++++ Working data
(* For every complex number $q$ with $0<|q|<1$, \[ \sum_{k=1}^{\infty}(-1)^kq^{k^2}[4k+1]\frac{(q;q^2)_k^3}{(q^2;q^2)_k^3}\sum_{i=1}^{2k}(-1)^i\frac{q^i}{[i]^2} =\frac{(q,q^3;q^2)_{\infty}}{(q^2;q^2)_{\infty}^2}\sum_{j=1}^{\infty}\frac{q^{2j}}{[2j]^2}. \]
   Context: For complex $x,q$ with $|q|<1$: $(x;q)_\infty=\prod_{i\ge 0}(1-xq^i)$ and, for an integer $n\ge 0$, $(x;q)_n=\prod_{i=0}^{n-1}(1-xq^i)$ (equivalently $(x;q)_\infty/(xq^n;q)_\infty$). Multiple arguments mean products: $(x_1,\dots,x_r;q)_m=(x_1;q)_m\cdots(x_r;q)_m$ for $m$ a nonnegative integer or $\infty$. The $q$-integer is $[n]=1+q+\cdots+q^{n-1}=(1-q^n)/(1-q)$. *)

theory Defs
  imports "HOL-Analysis.Analysis"
begin

definition qpoch :: "complex \<Rightarrow> complex \<Rightarrow> nat \<Rightarrow> complex" where
  "qpoch x q n = (\<Prod>i<n. 1 - x * q ^ i)"

definition qpoch_inf :: "complex \<Rightarrow> complex \<Rightarrow> complex" where
  "qpoch_inf x q = (\<Prod>i. 1 - x * q ^ i)"

definition qint :: "complex \<Rightarrow> nat \<Rightarrow> complex" where
  "qint q n = (\<Sum>i<n. q ^ i)"

end

theory Submission
  imports Defs
begin

text \<open>
  Deform the summand by a parameter \<open>u\<close> (see \<open>deform\<close>). For \<open>N = q^(2n)\<close> the terminating
  very-well-poised sum of \<open>F(u, N, k)\<close> (\<open>wz_F\<close>) over \<open>k \<le> n\<close> equals the finite product of the
  factors \<open>\<gamma>(u, q^(2i))\<close> (\<open>step_factor\<close>), \<open>i < n\<close>: the difference \<open>F(q^2 N, k)/\<gamma>(N) - F(N, k)\<close>
  telescopes with the certificate \<open>G(N, k)\<close> (\<open>wz_G\<close>). Differentiating this identity at
  \<open>u = 0\<close> turns the logarithmic derivatives of both sides into sums of \<open>q^m/(1 - q^m)^2\<close>, i.e. of
  \<open>(1 - q)^2 q^m/[m]^2\<close>. The theorem is the limit \<open>n \<rightarrow> \<infinity>\<close> of the differentiated identity;
  Tannery's theorem applies because its \<open>k\<close>-th term is \<open>O(C^k |q|^(k^2))\<close> uniformly in \<open>n\<close>.
\<close>

lemma norm_mult_power_le_norm:
  fixes q N :: "'a :: real_normed_div_algebra"
  assumes "norm q < 1" "norm N \<le> 1" "0 < m"
  shows "norm (N * q ^ m) \<le> norm q"
proof -
  have "norm q ^ m \<le> norm q ^ 1" by (rule power_decreasing) (use assms in auto)
  then have "norm N * norm q ^ m \<le> 1 * norm q"
    by (intro mult_mono) (use assms in auto)
  then show ?thesis by (simp add: norm_mult norm_power)
qed

lemma norm_one_minus_mult_power_ge:
  fixes q N :: "'a :: real_normed_div_algebra"
  assumes "norm q < 1" "norm N \<le> 1" "0 < m"
  shows "1 - norm q \<le> norm (1 - N * q ^ m)"
  using norm_triangle_ineq2[of 1 "N * q ^ m"] norm_mult_power_le_norm[OF assms] by simp

lemma one_minus_mult_power_nonzero:
  fixes q N :: "'a :: real_normed_div_algebra"
  assumes "norm q < 1" "norm N \<le> 1" "0 < m"
  shows "1 - N * q ^ m \<noteq> 0"
  using norm_one_minus_mult_power_ge[OF assms] assms(1) by auto

lemma one_minus_power_nonzero:
  fixes q :: "'a :: real_normed_div_algebra"
  shows "norm q < 1 \<Longrightarrow> 0 < m \<Longrightarrow> 1 - q ^ m \<noteq> 0"
  using one_minus_mult_power_nonzero[of q 1 m] by simp

lemma norm_one_minus_power_le_2:
  fixes q :: "'a :: real_normed_div_algebra"
  assumes "norm q < 1"
  shows "norm (1 - q ^ m) \<le> 2"
proof -
  have "norm (q ^ m) \<le> 1" using assms by (simp add: norm_power power_le_one)
  then show ?thesis using norm_triangle_ineq4[of 1 "q ^ m"] by simp
qed

text \<open>\<open>deform q u m = (1 - x q^m)(1 - q^m/x)\<close> for \<open>u = x + 1/x - 2\<close>.\<close>
definition deform :: "complex \<Rightarrow> complex \<Rightarrow> nat \<Rightarrow> complex" where
  "deform q u m = (1 - q ^ m)^2 - q ^ m * u"

lemma deform_nonzero:
  assumes q: "norm q < 1" and u: "norm u < (1 - norm q)^2" and m: "0 < m"
  shows "deform q u m \<noteq> 0"
proof
  assume "deform q u m = 0"
  then have eq: "(1 - q ^ m)^2 = q ^ m * u" by (simp add: deform_def)
  have "(1 - norm q)^2 \<le> norm (1 - q ^ m)^2"
    using norm_one_minus_mult_power_ge[OF q _ m, of 1] q by (intro power_mono) auto
  also have "\<dots> = norm (q ^ m) * norm u" by (metis eq norm_mult norm_power)
  also have "\<dots> \<le> norm u"
    using q by (intro mult_left_le_one_le) (auto simp: norm_power power_le_one)
  finally show False using u by simp
qed

definition summand_ratio :: "complex \<Rightarrow> complex \<Rightarrow> complex \<Rightarrow> nat \<Rightarrow> complex" where
  "summand_ratio q u N i = - (q ^ (2*i+1)) * (1 - q ^ (2*i+1)) * deform q u (2*i+1)
     / ((1 - q ^ (2*i+2)) * (1 - N * q ^ (2*i+3)) * deform q u (2*i+2))"

definition summand_prod :: "complex \<Rightarrow> complex \<Rightarrow> complex \<Rightarrow> nat \<Rightarrow> complex" where
  "summand_prod q u N k = (\<Prod>i<k. summand_ratio q u N i)"

definition terminating_factor :: "complex \<Rightarrow> complex \<Rightarrow> nat \<Rightarrow> complex" where
  "terminating_factor q N k = (\<Prod>i<k. 1 - N / q ^ (2*i))"

definition wz_F :: "complex \<Rightarrow> complex \<Rightarrow> complex \<Rightarrow> nat \<Rightarrow> complex" where
  "wz_F q u N k = (1 - q ^ (4*k+1)) / (1 - q) * summand_prod q u N k * terminating_factor q N k"

definition wz_G :: "complex \<Rightarrow> complex \<Rightarrow> complex \<Rightarrow> nat \<Rightarrow> complex" where
  "wz_G q u N k = q * N * (1 - q ^ (2*k+1)) * deform q u (2*k+1)
     / ((1 - q * N) * (1 - q) * (1 - N * q ^ (2*k+3))) * summand_prod q u N k * terminating_factor q N k"

definition step_factor :: "complex \<Rightarrow> complex \<Rightarrow> complex \<Rightarrow> complex" where
  "step_factor q u N = (1 - q^3 * N) * (1 - q * N) / ((1 - q^2 * N)^2 - q^2 * N * u)"

lemma terminating_factor_vanishes:
  assumes "q \<noteq> 0" "n < k"
  shows "terminating_factor q (q ^ (2*n)) k = 0"
  unfolding terminating_factor_def using assms by (auto intro!: bexI[of _ n])

lemma terminating_factor_shift:
  assumes "q \<noteq> 0"
  shows "terminating_factor q (q^2 * N) (Suc k) = (1 - q^2 * N) * terminating_factor q N k"
proof (induction k)
  case 0 then show ?case by (simp add: terminating_factor_def)
next
  case (Suc k)
  have "q^2 * N / q ^ (2 * Suc k) = N / q ^ (2*k)"
    using assms by (simp add: power_add power2_eq_square field_simps)
  with Suc show ?case by (simp add: terminating_factor_def)
qed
++++++++
#### [Your task]
Taking the entries above, write out exactly the lines starting with the line containing "(simp add: deform_def)" and going on through the line containing "(2*i+3)) * deform", both included, and nothing else.

#### [Solved exercise]
  then have eq: "(1 - q ^ m)^2 = q ^ m * u" by (simp add: deform_def)
  have "(1 - norm q)^2 \<le> norm (1 - q ^ m)^2"
    using norm_one_minus_mult_power_ge[OF q _ m, of 1] q by (intro power_mono) auto
  also have "\<dots> = norm (q ^ m) * norm u" by (metis eq norm_mult norm_power)
  also have "\<dots> \<le> norm u"
    using q by (intro mult_left_le_one_le) (auto simp: norm_power power_le_one)
  finally show False using u by simp
qed

definition summand_ratio :: "complex \<Rightarrow> complex \<Rightarrow> complex \<Rightarrow> nat \<Rightarrow> complex" where
  "summand_ratio q u N i = - (q ^ (2*i+1)) * (1 - q ^ (2*i+1)) * deform q u (2*i+1)
     / ((1 - q ^ (2*i+2)) * (1 - N * q ^ (2*i+3)) * deform q u (2*i+2))"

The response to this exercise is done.